Simplifying fractions involves reducing them to their most basic form. This is done by dividing the numerator and the denominator by their greatest common factor (GCF). In the context of the problem, the fraction inside the square root is \( \frac{9}{36} \).

• First, identify a number that evenly divides both the numerator and the denominator. In this case, the number is 9.
• Next, divide both the top number (9) and the bottom number (36) by this common factor. This process transforms the fraction into \( \frac{1}{4} \), a much simpler expression.

By simplifying fractions, we make calculations more manageable and understand the relationships between numbers more clearly.

Common factors are numbers that divide exactly into two or more bigger numbers. For finding the common factor of a fraction, look at the numerator and the denominator to see if there's a number they both can be divided by evenly.

• In \( \frac{9}{36} \), the number 9 is a common factor because it can divide both 9 and 36 without leaving a remainder.
• If both the numerator and the denominator have more than one common factor, choose the greatest one to simplify as much as possible.

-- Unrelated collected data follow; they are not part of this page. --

section \<open>The enveloping algebra as a quotient ring\<close>

lemma gword_add_eq_0_iff: "(a::gword) + b = 0 \<longleftrightarrow> a = 0 \<and> b = 0"
  by (cases a; cases b) (auto simp: zero_gword_def)

definition counit :: "falg \<Rightarrow> complex" where
  "counit x = Poly_Mapping.lookup x 0"

lemma counit_mult: "counit (x * y) = counit x * counit y"
proof -
  have "(\<lambda>q. Poly_Mapping.lookup y q when 0 = l + q)
      = (\<lambda>q. (Poly_Mapping.lookup y q when l = 0) when q = 0)" for l
    by (auto simp: fun_eq_iff when_def gword_add_eq_0_iff[of l] eq_commute[of 0])
  then have "(\<Sum>q. Poly_Mapping.lookup y q when 0 = l + q) = (Poly_Mapping.lookup y 0 when l = 0)" for l
    by (simp only:) (cases "l = 0"; simp)
  then show ?thesis
    unfolding counit_def lookup_mult by (simp add: mult_when)
qed

lemma counit_add: "counit (x + y) = counit x + counit y"
  by (simp add: counit_def lookup_add)

lemma counit_diff: "counit (x - y) = counit x - counit y"
  by (simp add: counit_def lookup_minus)

lemma counit_gen: "counit (gen i) = 0"
  by (simp add: counit_def gen_def lookup_single zero_gword_def)

lemma counit_iota: "counit (iota X) = 0"
  by (simp add: iota_def counit_add counit_mult counit_gen)

lemma counit_Uideal: "a \<in> Uideal \<Longrightarrow> counit a = 0"
proof (induction rule: Uideal.induct)
  case zero
  show ?case by (simp add: counit_def)
qed (simp_all add: counit_diff counit_mult counit_iota counit_add)

lemma one_notin_Uideal: "(1::falg) \<notin> Uideal"
  using counit_Uideal[of 1] by (auto simp: counit_def)

lemma Uideal_uminus: "a \<in> Uideal \<Longrightarrow> - a \<in> Uideal"
  using Uideal.lmult[of a "-1"] by simp

lemma Uideal_diff: "a \<in> Uideal \<Longrightarrow> b \<in> Uideal \<Longrightarrow> a - b \<in> Uideal"
  using Uideal.add[of a "- b"] Uideal_uminus[of b] by simp

lemma equivp_Ueq: "equivp Ueq"
proof (rule equivpI)
  show "reflp Ueq" by (simp add: reflp_def Ueq_def Uideal.zero)
  show "symp Ueq" unfolding symp_def Ueq_def using Uideal_uminus by fastforce
  show "transp Ueq" unfolding transp_def Ueq_def using Uideal.add by fastforce
qed

quotient_type U = falg / Ueq
  by (rule equivp_Ueq)

instantiation U :: ring_1
begin

lift_definition zero_U :: U is 0 .
lift_definition one_U :: U is 1 .

lift_definition plus_U :: "U \<Rightarrow> U \<Rightarrow> U" is "(+)"
  unfolding Ueq_def by (drule (1) Uideal.add) (simp add: algebra_simps)

lift_definition minus_U :: "U \<Rightarrow> U \<Rightarrow> U" is "(-)"
  unfolding Ueq_def by (drule (1) Uideal_diff) (simp add: algebra_simps)

lift_definition uminus_U :: "U \<Rightarrow> U" is uminus
  unfolding Ueq_def by (drule Uideal_uminus) (simp add: algebra_simps)

lift_definition times_U :: "U \<Rightarrow> U \<Rightarrow> U" is "(*)"
proof -
  fix a b c d :: falg
  assume "Ueq a b" "Ueq c d"
  then have "(a - b) * c + b * (c - d) \<in> Uideal"
    unfolding Ueq_def by (intro Uideal.add Uideal.rmult Uideal.lmult)
  then show "Ueq (a * c) (b * d)"
    unfolding Ueq_def by (simp add: algebra_simps)
qed

instance
proof
  fix a b c :: U
  show "a + b + c = a + (b + c)" by transfer (simp add: algebra_simps Ueq_def Uideal.zero)
  show "a + b = b + a" by transfer (simp add: algebra_simps Ueq_def Uideal.zero)
  show "0 + a = a" by transfer (simp add: Ueq_def Uideal.zero)
  show "- a + a = 0" by transfer (simp add: Ueq_def Uideal.zero)
  show "a - b = a + - b" by transfer (simp add: Ueq_def Uideal.zero)
  show "a * b * c = a * (b * c)" by transfer (simp add: algebra_simps Ueq_def Uideal.zero)
  show "(a + b) * c = a * c + b * c" by transfer (simp add: algebra_simps Ueq_def Uideal.zero)
  show "a * (b + c) = a * b + a * c" by transfer (simp add: algebra_simps Ueq_def Uideal.zero)
  show "1 * a = a" by transfer (simp add: Ueq_def Uideal.zero)
  show "a * 1 = a" by transfer (simp add: Ueq_def Uideal.zero)
  show "(0::U) \<noteq> 1" by transfer (use one_notin_Uideal Uideal_uminus in \<open>fastforce simp: Ueq_def\<close>)
qed

end

abbreviation cls :: "falg \<Rightarrow> U" where
  "cls \<equiv> abs_U"

lemma cls_add: "cls (a + b) = cls a + cls b"
  by (simp add: plus_U.abs_eq)

lemma cls_mult: "cls (a * b) = cls a * cls b"
  by (simp add: times_U.abs_eq)

lemma cls_diff: "cls (a - b) = cls a - cls b"
  by (simp add: minus_U.abs_eq)

lemma cls_uminus: "cls (- a) = - cls a"
  by (simp add: uminus_U.abs_eq)

lemma cls_0: "cls 0 = 0"
  by (simp add: zero_U.abs_eq)

lemma cls_1: "cls 1 = 1"
  by (simp add: one_U.abs_eq)

lemmas cls_simps = cls_add cls_mult cls_diff cls_uminus cls_0 cls_1

lemma cls_eq_iff: "cls a = cls b \<longleftrightarrow> Ueq a b"
  by (simp add: U.abs_eq_iff)

lemma cls_surj: "\<exists>a. x = cls a"
  by (metis Quotient_U Quotient_abs_rep)

lemma cls_power: "cls (a ^ k) = cls a ^ k"
  by (induction k) (simp_all add: cls_simps)

lemma cls_of_nat: "cls (of_nat k) = of_nat k"
  by (induction k) (simp_all add: cls_simps)

lemma cls_numeral: "cls (numeral k) = numeral k"
  using cls_of_nat[of "numeral k"] by simp

lemma cls_of_int: "cls (of_int k) = of_int k"
  by (cases k rule: int_cases) (simp_all add: cls_simps cls_of_nat)

lemma cls_sum: "cls (sum f A) = (\<Sum>x\<in>A. cls (f x))"
  by (induction A rule: infinite_finite_induct) (simp_all add: cls_simps)

lemma cls_prod_list: "cls (prod_list (map f xs)) = prod_list (map (\<lambda>x. cls (f x)) xs)"
  by (induction xs) (simp_all add: cls_simps)

lemma cls_ad: "cls (ad x y) = cls x * cls y - cls y * cls x"
  by (simp add: ad_def cls_simps)

lemma sc_0: "sc 0 = 0"
  by (simp add: sc_def)

lemma sc_1: "sc 1 = 1"
  by (simp add: sc_def)

lemma sc_uminus: "sc (- a) = - sc a"
  by (simp add: sc_def single_uminus)

lemma sc_numeral: "sc (numeral k) = numeral k"
  by (simp add: sc_def)

lemma sc_mult: "sc (a * b) = sc a * sc b"
  by (simp add: sc_def mult_single)

lemma sc_of_nat: "sc (of_nat k) = of_nat k"
  by (simp add: sc_def)

lemma sc_mult_commute: "sc c * y = y * sc c"
proof (rule poly_mapping_eqI)
  fix w
  have "(\<lambda>q. (c when 0 = q) when w = l + q) = (\<lambda>q. (c when l = w) when q = 0)" for l :: gword
    by (auto simp: fun_eq_iff when_def)
  then have right: "(\<Sum>q. (c when 0 = q) when w = l + q) = (c when l = w)" for l :: gword
    by (simp only:) simp
  have "(\<lambda>l. (c when 0 = l) * (\<Sum>q. Poly_Mapping.lookup y q when w = l + q))
      = (\<lambda>l. c * Poly_Mapping.lookup y w when l = 0)"
    by (auto simp: fun_eq_iff when_def)
  then have left: "(\<Sum>l. (c when 0 = l) * (\<Sum>q. Poly_Mapping.lookup y q when w = l + q))
      = c * Poly_Mapping.lookup y w"
    by (simp only:) simp
  show "Poly_Mapping.lookup (sc c * y) w = Poly_Mapping.lookup (y * sc c) w"
    unfolding sc_def lookup_mult lookup_single left right by (simp add: mult_when mult.commute)
qed

definition E12 :: U where "E12 = cls e12"

definition E23 :: U where "E23 = cls e23"

definition E13 :: U where "E13 = cls e13"

definition F12 :: U where "F12 = cls f12"

definition F23 :: U where "F23 = cls f23"

definition H1 :: U where "H1 = cls hh1"

definition H2 :: U where "H2 = cls hh2"

definition matrix_unit :: "3 \<Rightarrow> 3 \<Rightarrow> complex^3^3" where
  "matrix_unit i j = (\<chi> a b. if a = i \<and> b = j then 1 else 0)"

lemma three_neq: "(1::3) \<noteq> 2" "(1::3) \<noteq> 3" "(2::3) \<noteq> 3" "(2::3) \<noteq> 1" "(3::3) \<noteq> 1" "(3::3) \<noteq> 2"
  by (simp_all add: exhaust_3)

lemmas sl3_matrix_simps = matrix_unit_def matrix_matrix_mult_def sum_3 three_neq iota_def
  sl3_def trace_def sc_0 sc_1 sc_uminus sc_numeral cls_simps cls_numeral

lemma cls_iota_commute:
  assumes "X \<in> sl3" "Y \<in> sl3" "iota X = a" "iota Y = b" "cls (iota (X ** Y - Y ** X)) = d"
  shows "cls a * cls b = cls b * cls a + d"
proof -
  have "Ueq (a * b - b * a) (iota (X ** Y - Y ** X))"
    using Uideal.rel[OF assms(1,2)] assms(3,4) by (simp add: Ueq_def)
  then show ?thesis
    using assms(5) by (simp add: cls_eq_iff[symmetric] cls_simps algebra_simps)
qed

lemma E12_F12: "E12 * F12 = F12 * E12 + H1"
  unfolding E12_def F12_def H1_def
  by (rule cls_iota_commute[of "matrix_unit 1 2" "matrix_unit 2 1"]) (simp_all add: sl3_matrix_simps)

lemma E23_F23: "E23 * F23 = F23 * E23 + H2"
  unfolding E23_def F23_def H2_def
  by (rule cls_iota_commute[of "matrix_unit 2 3" "matrix_unit 3 2"]) (simp_all add: sl3_matrix_simps)

lemma E23_F12: "E23 * F12 = F12 * E23"
  using cls_iota_commute[of "matrix_unit 2 3" "matrix_unit 2 1" e23 f12 0]
  by (simp add: sl3_matrix_simps E23_def F12_def)

lemma E12_F23: "E12 * F23 = F23 * E12"
  using cls_iota_commute[of "matrix_unit 1 2" "matrix_unit 3 2" e12 f23 0]
  by (simp add: sl3_matrix_simps E12_def F23_def)

lemma E13_F12: "E13 * F12 = F12 * E13 + E23"
  unfolding E13_def F12_def E23_def
  by (rule cls_iota_commute[of "- matrix_unit 1 3" "matrix_unit 2 1"]) (simp_all add: sl3_matrix_simps)

lemma E13_F23: "E13 * F23 = F23 * E13 + - E12"
  unfolding E13_def F23_def E12_def
  by (rule cls_iota_commute[of "- matrix_unit 1 3" "matrix_unit 3 2"]) (simp_all add: sl3_matrix_simps)

lemma H1_H2: "H1 * H2 = H2 * H1"
  using cls_iota_commute[of "matrix_unit 1 1 - matrix_unit 2 2" "matrix_unit 2 2 - matrix_unit 3 3" hh1 hh2 0]
  by (simp add: sl3_matrix_simps H1_def H2_def)

lemma H1_E12: "H1 * E12 = E12 * H1 + 2 * E12"
  unfolding H1_def E12_def
  by (rule cls_iota_commute[of "matrix_unit 1 1 - matrix_unit 2 2" "matrix_unit 1 2"])
    (simp_all add: sl3_matrix_simps)

lemma H1_E23: "H1 * E23 = E23 * H1 + - E23"
  unfolding H1_def E23_def
  by (rule cls_iota_commute[of "matrix_unit 1 1 - matrix_unit 2 2" "matrix_unit 2 3"])
    (simp_all add: sl3_matrix_simps)

lemma H1_E13: "H1 * E13 = E13 * H1 + E13"
  unfolding H1_def E13_def
  by (rule cls_iota_commute[of "matrix_unit 1 1 - matrix_unit 2 2" "- matrix_unit 1 3"])
    (simp_all add: sl3_matrix_simps)

lemma H1_F12: "H1 * F12 = F12 * H1 + - 2 * F12"
  unfolding H1_def F12_def
  by (rule cls_iota_commute[of "matrix_unit 1 1 - matrix_unit 2 2" "matrix_unit 2 1"])
    (simp_all add: sl3_matrix_simps)

lemma H1_F23: "H1 * F23 = F23 * H1 + F23"
  unfolding H1_def F23_def
  by (rule cls_iota_commute[of "matrix_unit 1 1 - matrix_unit 2 2" "matrix_unit 3 2"])
    (simp_all add: sl3_matrix_simps)

lemma H2_E12: "H2 * E12 = E12 * H2 + - E12"
  unfolding H2_def E12_def
  by (rule cls_iota_commute[of "matrix_unit 2 2 - matrix_unit 3 3" "matrix_unit 1 2"])
    (simp_all add: sl3_matrix_simps)

lemma H2_E23: "H2 * E23 = E23 * H2 + 2 * E23"
  unfolding H2_def E23_def
  by (rule cls_iota_commute[of "matrix_unit 2 2 - matrix_unit 3 3" "matrix_unit 2 3"])
    (simp_all add: sl3_matrix_simps)

lemma H2_E13: "H2 * E13 = E13 * H2 + E13"
  unfolding H2_def E13_def
  by (rule cls_iota_commute[of "matrix_unit 2 2 - matrix_unit 3 3" "- matrix_unit 1 3"])
    (simp_all add: sl3_matrix_simps)

lemma H2_F12: "H2 * F12 = F12 * H2 + F12"
  unfolding H2_def F12_def
  by (rule cls_iota_commute[of "matrix_unit 2 2 - matrix_unit 3 3" "matrix_unit 2 1"])
    (simp_all add: sl3_matrix_simps)

lemma H2_F23: "H2 * F23 = F23 * H2 + - 2 * F23"
  unfolding H2_def F23_def
  by (rule cls_iota_commute[of "matrix_unit 2 2 - matrix_unit 3 3" "matrix_unit 3 2"])
    (simp_all add: sl3_matrix_simps)

definition C :: "complex \<Rightarrow> U" where
  "C c = cls (sc c)"

lemma C_commute: "C c * x = x * C c"
  using cls_surj[of x] by (auto simp: C_def cls_mult[symmetric] sc_mult_commute)

lemma C_mult: "C (a * b) = C a * C b"
  by (simp add: C_def sc_mult cls_mult)

lemma C_1: "C 1 = 1"
  by (simp add: C_def sc_1 cls_1)

lemma C_uminus: "C (- a) = - C a"
  by (simp add: C_def sc_uminus cls_uminus)

lemma C_of_nat: "C (of_nat k) = of_nat k"
  by (simp add: C_def sc_of_nat cls_of_nat)

text \<open>Only commutativity of \<open>S(\<mathfrak>h)\<close> is needed, so it is modelled as the subring of
  \<open>U\<close> generated by \<open>H1\<close>, \<open>H2\<close> and the scalars rather than as a polynomial ring.\<close>

inductive_set Sh_carrier :: "U set" where
  H1: "H1 \<in> Sh_carrier"
| H2: "H2 \<in> Sh_carrier"
| const: "C c \<in> Sh_carrier"
| add: "x \<in> Sh_carrier \<Longrightarrow> y \<in> Sh_carrier \<Longrightarrow> x + y \<in> Sh_carrier"
| mult: "x \<in> Sh_carrier \<Longrightarrow> y \<in> Sh_carrier \<Longrightarrow> x * y \<in> Sh_carrier"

Identifying common factors is an essential first step in simplifying fractions, which in turn can simplify other mathematical operations like taking square roots.

Finding the square root of a fraction may seem complex, but it can be easier when broken down into straightforward steps. When you have a fraction under a square root, you can simplify the process by taking the square root of both the numerator and the denominator separately.

• For the fraction \( \frac{1}{4} \), you find the square root of 1 (the numerator), which is 1.
• Then, find the square root of 4 (the denominator), which is 2.

This gives us \( \frac{1}{2} \) as the simplified result. Basically, \( \sqrt{\frac{a}{b}} = \frac{\sqrt{a}}{\sqrt{b}} \). Understanding this method helps in solving any similar problems involving square roots of fractions.